Я шёл вторым. Дорохов впереди. Бугров за мной, с лопатой за плечом и топориком у пояса. Понятно было, зачем лопата: будем мерить шагами и тут же, предварительно, намечать линии. Карандаша в руке у меня хватит на чертёж, земляной знак оставит лопата. И мне впервые за утро подумалось, что это совсем не кабинетная работа. В университете чертёж фортификации у меня требовался как иллюстрация к статье. Здесь — как инструкция, по которой завтра начнёт кто-то копать. Разница между эссе и чертежом не в словах, а в ответственности. В эссе за ошибку ставят «неудовлетворительно». В чертеже — ложится очередь.
В «усу» днём всё выглядело иначе, чем ночью. Стенки, которые ночью меня облегали, теперь казались ниже и кособокие, с размытым верхом. Настил на дне был тем же, что утром, — гнилые жерди в чёрной воде, — но воды в некоторых местах прибавилось. Я поглядел в небо, небо было пасмурное, без дождя, но с тем мутным обещанием его, которое в октябре Галиции не обманывает.
Мы дошли до середины «уса». Я остановился.
— Василий Матвеевич, позвольте объяснить. Ход прямой. Его надо сломать на три колена. Первое — вот здесь, — я карандашом обвёл точку в четырёх шагах впереди. — Второе — через десять шагов отсюда. Третье — перед самым концом, за семь шагов до секрета. Колено — не буква «Г». Угол градусов сто двадцать, не прямой. Прямой угол в земле — труднее копать и хуже держит стенку. Тупой угол гасит продольный огонь не хуже, зато копать легче.
Дорохов и Бугров молчали. Слушали. Я продолжал:
— На внутреннем углу каждого колена, — я показал лопатой Бугрова, куда ставить отметину, — кладём земляной траверс. Глубина не важна, важно, чтоб перекрыл амбразуру обратного направления. Метр на метр. Из того, что выкопаем вот здесь, — я указал на будущий изгиб, — и набросаем прямо в траверс. Земля не уходит зря, земля идёт в защиту.
Бугров, не спрашивая, шагнул вперёд, отмерил лопатой четыре шага, воткнул её в грунт рядом со стенкой. Воткнулась нехорошо, коротко, как в битую глину.

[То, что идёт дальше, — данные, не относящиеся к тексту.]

definition mpoints ::
  "'v set \<Rightarrow> 'e set \<Rightarrow> ('e \<Rightarrow> real) \<Rightarrow> ('v, 'e) mpoint set" where
  "mpoints V E A = Node ` V \<union> {Inner e s | e s. e \<in> E \<and> 0 < s \<and> s < A e}"

definition dist_node ::
  "'e set \<Rightarrow> ('e \<Rightarrow> 'v \<times> 'v) \<Rightarrow> ('e \<Rightarrow> real) \<Rightarrow> ('v, 'e) mpoint \<Rightarrow> 'v \<Rightarrow> real" where
  "dist_node E ends A p w =
     (case p of Node u \<Rightarrow> node_dist E ends A u w
      | Inner e s \<Rightarrow> min (s + node_dist E ends A (fst (ends e)) w)
                         (A e - s + node_dist E ends A (snd (ends e)) w))"

text \<open>Shortest-path metric d on |G|: a shortest path either stays inside a single edge, or
leaves the start point and enters the end point through endpoints of their edges.\<close>
definition mdist ::
  "'e set \<Rightarrow> ('e \<Rightarrow> 'v \<times> 'v) \<Rightarrow> ('e \<Rightarrow> real) \<Rightarrow> ('v, 'e) mpoint \<Rightarrow> ('v, 'e) mpoint \<Rightarrow> real" where
  "mdist E ends A p q =
     (case q of Node w \<Rightarrow> dist_node E ends A p w
      | Inner e' s' \<Rightarrow>
          (let via = min (s' + dist_node E ends A p (fst (ends e')))
                         (A e' - s' + dist_node E ends A p (snd (ends e')))
           in (case p of Inner e s \<Rightarrow> if e = e' then min \<bar>s - s'\<bar> via else via
               | Node _ \<Rightarrow> via)))"

text \<open>A joint strategy of k robots: str t i is the position of robot i (i < k) at time t;
only times t \<ge> 0 and indices i < k are meaningful.\<close>
type_synonym ('v, 'e) strategy = "real \<Rightarrow> nat \<Rightarrow> ('v, 'e) mpoint"

text \<open>The feasible set Pi: paths in |G|^k that are 1-Lipschitz w.r.t. the max metric d_k
(continuity is implied by the Lipschitz condition).\<close>
definition feasible ::
  "'v set \<Rightarrow> 'e set \<Rightarrow> ('e \<Rightarrow> 'v \<times> 'v) \<Rightarrow> ('e \<Rightarrow> real) \<Rightarrow> nat \<Rightarrow> ('v, 'e) strategy \<Rightarrow> bool" where
  "feasible V E ends A k str \<longleftrightarrow>
     (\<forall>t\<ge>0. \<forall>i<k. str t i \<in> mpoints V E A) \<and>
     (\<forall>t\<ge>0. \<forall>t'\<ge>0. \<forall>i<k. mdist E ends A (str t i) (str t' i) \<le> \<bar>t - t'\<bar>)"

definition periodic :: "nat \<Rightarrow> ('v, 'e) strategy \<Rightarrow> bool" where
  "periodic k str \<longleftrightarrow>
     (\<exists>tstar\<ge>0. \<exists>W>0. \<forall>t\<ge>0. \<forall>i<k. str (tstar + t + W) i = str (tstar + t) i)"

definition last_visit :: "nat \<Rightarrow> ('v, 'e) strategy \<Rightarrow> 'v \<Rightarrow> real \<Rightarrow> real" where
  "last_visit k str v t =
     (let S = {t'. 0 \<le> t' \<and> t' \<le> t \<and> (\<exists>i<k. str t' i = Node v)} in
      if S = {} then 0 else Sup S)"

definition latency :: "nat \<Rightarrow> ('v, 'e) strategy \<Rightarrow> 'v \<Rightarrow> real \<Rightarrow> real" where
  "latency k str v t = t - last_visit k str v t"

definition max_wlatency ::
  "'v set \<Rightarrow> ('v \<Rightarrow> real) \<Rightarrow> nat \<Rightarrow> ('v, 'e) strategy \<Rightarrow> real \<Rightarrow> real" where
  "max_wlatency V phi k str t = Max ((\<lambda>v. phi v * latency k str v t) ` V)"

definition cost ::
  "'v set \<Rightarrow> ('v \<Rightarrow> real) \<Rightarrow> nat \<Rightarrow> ereal \<Rightarrow> ('v, 'e) strategy \<Rightarrow> ereal" where
  "cost V phi k T str =
     (if T = \<infinity> then Limsup at_top (\<lambda>t. ereal (max_wlatency V phi k str t))
      else (SUP t\<in>{real_of_ereal T..}. ereal (max_wlatency V phi k str t)))"

end

theory Submission
  imports Defs "HOL-Library.Real_Mod"
begin

(* Fix a time T0 after which the weighted latencies of the given strategy stay below a bound,
   and a small scale eps.  At the sample times T0 + (n + 1) H record the eps-cell of every robot
   (its node, or the eps-interval of its edge containing it) and the latency of every node
   rounded down to a multiple of eps.  There are only finitely many such records, so two sample
   times t1 < t2 carry the same one.  The periodic strategy follows the given one up to t2, moves
   every robot inside its cell back to its position at t1 within time eps, and then replays
   [t1, t2] forever.  As H exceeds all latency bounds, a node whose last visit before a replayed
   time lies before t1 was also visited shortly before t2, and hence one period earlier in the
   loop; since the latencies at t1 and t2 agree up to eps, every latency grows by at most 4 eps. *)

section \<open>Paths with Lipschitz constant one\<close>

definition triangle_on :: "'a set \<Rightarrow> ('a \<Rightarrow> 'a \<Rightarrow> real) \<Rightarrow> bool" where
  "triangle_on X d \<longleftrightarrow> (\<forall>p\<in>X. \<forall>q\<in>X. \<forall>r\<in>X. d p r \<le> d p q + d q r)"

— Чернозём сверху, глина снизу, — негромко обронил он. — Глина мешается с водой плохо, копать будет в полтора раза тяжелее. Людей вам понадобится больше, чем на прямой участок.
— Сколько?
— Четверо с топорами, шестеро с лопатами, один с ведром. Сутки.
— Хорошо. Значит, сутки. Завтра к полуночи закончим.
Дорохов, который всё это время не произнёс ни слова, только смотрел, наконец отозвался.
— Делаем. Унтер Бугров — старший по копке. Я — прикрытие на этом фланге, если австрияк начнёт шевелиться. Людей Бугров сам выделит из первого и третьего отделений. С вас, барин, схема и общее наблюдение.
— Согласен.
Он глянул на меня ровно. Во взгляде я опять ничего не прочёл, кроме того, что уже читал вчера. Это его невыразительность, я понимал теперь, была формой высшего признания. Он признал меня годным к делу и дальше намерен молчать, не расходуя уважения на слова. Это по-нашему.
Я отошёл к стенке хода, прислонился к ней, вынул планшет. Лист казённой серой бумаги, чуть волглой по углу, лёг на жёсткую подложку. Карандаш — крупный, плотницкий, с широким плоским грифелем, каким удобно и линии, и тень. Я принялся чертить.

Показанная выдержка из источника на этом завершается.